▶ _BRIEF_:
Every line below from the one containing "P i \<noteq>" through the one containing "(P a) \<Longrightarrow>" must be transcribed exactly. Omit all lines outside that stretch.

▶ _RECORD EXCERPTS_:
Start of Block

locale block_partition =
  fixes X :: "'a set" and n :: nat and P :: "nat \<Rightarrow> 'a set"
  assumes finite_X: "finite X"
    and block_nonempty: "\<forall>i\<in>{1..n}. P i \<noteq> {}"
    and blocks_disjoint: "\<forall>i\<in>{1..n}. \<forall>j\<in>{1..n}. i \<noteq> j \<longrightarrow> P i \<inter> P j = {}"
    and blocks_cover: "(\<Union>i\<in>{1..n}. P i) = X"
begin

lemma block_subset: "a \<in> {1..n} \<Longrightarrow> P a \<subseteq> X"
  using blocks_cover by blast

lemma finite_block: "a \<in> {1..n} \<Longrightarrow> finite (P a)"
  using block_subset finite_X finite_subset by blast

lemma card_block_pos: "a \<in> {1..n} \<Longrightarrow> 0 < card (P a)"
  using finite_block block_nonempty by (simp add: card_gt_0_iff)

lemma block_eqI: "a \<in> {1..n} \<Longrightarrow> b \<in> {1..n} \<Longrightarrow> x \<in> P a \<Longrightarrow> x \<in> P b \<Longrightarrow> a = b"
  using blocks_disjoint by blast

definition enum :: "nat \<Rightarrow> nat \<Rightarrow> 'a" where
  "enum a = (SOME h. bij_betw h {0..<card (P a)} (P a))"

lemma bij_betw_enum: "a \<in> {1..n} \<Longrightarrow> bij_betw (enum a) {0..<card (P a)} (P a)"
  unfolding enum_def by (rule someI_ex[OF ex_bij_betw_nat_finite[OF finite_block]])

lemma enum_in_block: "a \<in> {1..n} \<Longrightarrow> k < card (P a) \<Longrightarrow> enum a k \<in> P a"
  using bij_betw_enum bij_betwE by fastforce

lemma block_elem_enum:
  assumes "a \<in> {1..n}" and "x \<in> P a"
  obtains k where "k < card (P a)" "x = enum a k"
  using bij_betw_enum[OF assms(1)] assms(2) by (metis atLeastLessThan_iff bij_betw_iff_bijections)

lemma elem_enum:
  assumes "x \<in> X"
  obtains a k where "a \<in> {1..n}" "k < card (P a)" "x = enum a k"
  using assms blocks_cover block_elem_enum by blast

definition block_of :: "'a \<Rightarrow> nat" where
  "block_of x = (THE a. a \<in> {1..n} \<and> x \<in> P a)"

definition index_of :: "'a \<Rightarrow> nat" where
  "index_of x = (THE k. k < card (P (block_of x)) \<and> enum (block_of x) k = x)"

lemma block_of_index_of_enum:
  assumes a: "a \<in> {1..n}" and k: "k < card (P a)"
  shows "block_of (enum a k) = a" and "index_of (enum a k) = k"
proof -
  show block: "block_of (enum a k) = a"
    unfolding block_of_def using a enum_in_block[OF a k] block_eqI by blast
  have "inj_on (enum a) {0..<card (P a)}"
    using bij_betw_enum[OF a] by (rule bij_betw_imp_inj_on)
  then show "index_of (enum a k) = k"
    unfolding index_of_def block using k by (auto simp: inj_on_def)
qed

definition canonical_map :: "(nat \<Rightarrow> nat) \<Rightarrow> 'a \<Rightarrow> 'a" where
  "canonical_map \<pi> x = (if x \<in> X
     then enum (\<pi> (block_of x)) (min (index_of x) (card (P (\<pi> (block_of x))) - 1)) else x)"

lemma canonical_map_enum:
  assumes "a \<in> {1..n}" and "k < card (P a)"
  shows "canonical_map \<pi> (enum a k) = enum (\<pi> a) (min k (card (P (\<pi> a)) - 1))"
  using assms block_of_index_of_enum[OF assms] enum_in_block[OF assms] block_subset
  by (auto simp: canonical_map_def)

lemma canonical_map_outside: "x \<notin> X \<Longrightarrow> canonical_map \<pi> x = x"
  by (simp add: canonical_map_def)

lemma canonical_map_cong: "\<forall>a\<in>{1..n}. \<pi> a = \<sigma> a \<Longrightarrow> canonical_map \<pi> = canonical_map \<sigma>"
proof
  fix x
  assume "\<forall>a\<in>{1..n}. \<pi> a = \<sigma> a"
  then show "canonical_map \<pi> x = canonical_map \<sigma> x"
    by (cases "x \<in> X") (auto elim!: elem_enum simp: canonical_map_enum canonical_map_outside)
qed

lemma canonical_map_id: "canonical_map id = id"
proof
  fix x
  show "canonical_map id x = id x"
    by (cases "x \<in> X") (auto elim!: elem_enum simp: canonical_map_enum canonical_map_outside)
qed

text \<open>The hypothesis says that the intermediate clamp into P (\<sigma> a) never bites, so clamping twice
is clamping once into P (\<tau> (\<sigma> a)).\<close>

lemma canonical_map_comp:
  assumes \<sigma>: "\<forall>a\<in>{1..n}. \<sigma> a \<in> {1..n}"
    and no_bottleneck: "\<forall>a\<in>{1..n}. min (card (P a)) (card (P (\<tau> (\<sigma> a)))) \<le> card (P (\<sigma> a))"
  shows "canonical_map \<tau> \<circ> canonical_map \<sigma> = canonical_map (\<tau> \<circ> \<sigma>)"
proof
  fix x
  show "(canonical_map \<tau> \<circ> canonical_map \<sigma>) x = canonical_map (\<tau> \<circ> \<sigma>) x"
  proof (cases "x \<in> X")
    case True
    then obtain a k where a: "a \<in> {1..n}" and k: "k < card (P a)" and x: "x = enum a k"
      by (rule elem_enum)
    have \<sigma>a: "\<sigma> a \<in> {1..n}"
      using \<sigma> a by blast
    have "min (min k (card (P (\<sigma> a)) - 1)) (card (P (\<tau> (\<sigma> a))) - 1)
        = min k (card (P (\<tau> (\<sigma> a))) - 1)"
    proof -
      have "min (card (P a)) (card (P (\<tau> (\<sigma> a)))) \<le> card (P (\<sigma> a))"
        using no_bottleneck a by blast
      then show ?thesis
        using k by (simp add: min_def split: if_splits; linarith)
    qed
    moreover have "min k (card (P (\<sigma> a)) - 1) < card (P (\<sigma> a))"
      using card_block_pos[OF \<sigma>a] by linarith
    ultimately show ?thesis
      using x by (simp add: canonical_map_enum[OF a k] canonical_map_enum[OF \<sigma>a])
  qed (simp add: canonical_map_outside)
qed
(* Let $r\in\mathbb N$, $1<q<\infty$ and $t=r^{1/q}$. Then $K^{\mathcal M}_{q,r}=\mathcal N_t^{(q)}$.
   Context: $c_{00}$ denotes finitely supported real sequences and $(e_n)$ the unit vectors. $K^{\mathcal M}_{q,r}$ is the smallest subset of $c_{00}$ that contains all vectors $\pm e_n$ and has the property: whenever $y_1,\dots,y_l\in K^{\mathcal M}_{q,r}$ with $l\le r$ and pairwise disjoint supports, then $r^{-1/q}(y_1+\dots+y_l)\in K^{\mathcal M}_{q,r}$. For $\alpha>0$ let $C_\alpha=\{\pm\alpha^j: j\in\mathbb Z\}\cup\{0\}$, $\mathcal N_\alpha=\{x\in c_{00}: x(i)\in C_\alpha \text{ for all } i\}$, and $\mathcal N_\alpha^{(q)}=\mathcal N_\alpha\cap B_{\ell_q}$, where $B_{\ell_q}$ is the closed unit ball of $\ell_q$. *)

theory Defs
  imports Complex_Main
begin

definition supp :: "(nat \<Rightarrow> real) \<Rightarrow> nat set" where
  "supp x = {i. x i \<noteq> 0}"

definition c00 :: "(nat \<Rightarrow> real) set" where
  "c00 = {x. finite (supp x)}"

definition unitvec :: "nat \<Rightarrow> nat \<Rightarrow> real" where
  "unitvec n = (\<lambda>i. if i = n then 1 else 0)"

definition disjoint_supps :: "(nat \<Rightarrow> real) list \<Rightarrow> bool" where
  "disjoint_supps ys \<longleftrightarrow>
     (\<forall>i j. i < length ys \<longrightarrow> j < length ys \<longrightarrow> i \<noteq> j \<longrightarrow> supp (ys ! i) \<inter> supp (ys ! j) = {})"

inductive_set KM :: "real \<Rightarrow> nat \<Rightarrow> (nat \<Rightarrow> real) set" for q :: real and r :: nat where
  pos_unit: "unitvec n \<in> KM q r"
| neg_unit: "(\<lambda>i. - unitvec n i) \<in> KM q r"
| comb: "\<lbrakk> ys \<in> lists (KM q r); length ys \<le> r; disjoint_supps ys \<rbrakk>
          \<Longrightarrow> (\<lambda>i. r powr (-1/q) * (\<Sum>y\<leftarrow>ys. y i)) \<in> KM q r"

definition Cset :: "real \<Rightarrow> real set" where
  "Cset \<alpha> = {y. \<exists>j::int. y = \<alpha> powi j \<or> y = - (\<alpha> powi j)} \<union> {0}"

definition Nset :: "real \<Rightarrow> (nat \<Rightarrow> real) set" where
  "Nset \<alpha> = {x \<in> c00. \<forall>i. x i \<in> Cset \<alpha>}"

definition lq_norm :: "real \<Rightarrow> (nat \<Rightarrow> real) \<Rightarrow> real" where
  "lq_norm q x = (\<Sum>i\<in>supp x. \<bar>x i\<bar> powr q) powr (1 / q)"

End of Block

▶ _YOUR SOLUTION_:
    and block_nonempty: "\<forall>i\<in>{1..n}. P i \<noteq> {}"
    and blocks_disjoint: "\<forall>i\<in>{1..n}. \<forall>j\<in>{1..n}. i \<noteq> j \<longrightarrow> P i \<inter> P j = {}"
    and blocks_cover: "(\<Union>i\<in>{1..n}. P i) = X"
begin

lemma block_subset: "a \<in> {1..n} \<Longrightarrow> P a \<subseteq> X"
  using blocks_cover by blast

lemma finite_block: "a \<in> {1..n} \<Longrightarrow> finite (P a)"
  using block_subset finite_X finite_subset by blast

lemma card_block_pos: "a \<in> {1..n} \<Longrightarrow> 0 < card (P a)"
  using finite_block block_nonempty by (simp add: card_gt_0_iff)

lemma block_eqI: "a \<in> {1..n} \<Longrightarrow> b \<in> {1..n} \<Longrightarrow> x \<in> P a \<Longrightarrow> x \<in> P b \<Longrightarrow> a = b"
  using blocks_disjoint by blast

definition enum :: "nat \<Rightarrow> nat \<Rightarrow> 'a" where
  "enum a = (SOME h. bij_betw h {0..<card (P a)} (P a))"

lemma bij_betw_enum: "a \<in> {1..n} \<Longrightarrow> bij_betw (enum a) {0..<card (P a)} (P a)"
  unfolding enum_def by (rule someI_ex[OF ex_bij_betw_nat_finite[OF finite_block]])

lemma enum_in_block: "a \<in> {1..n} \<Longrightarrow> k < card (P a) \<Longrightarrow> enum a k \<in> P a"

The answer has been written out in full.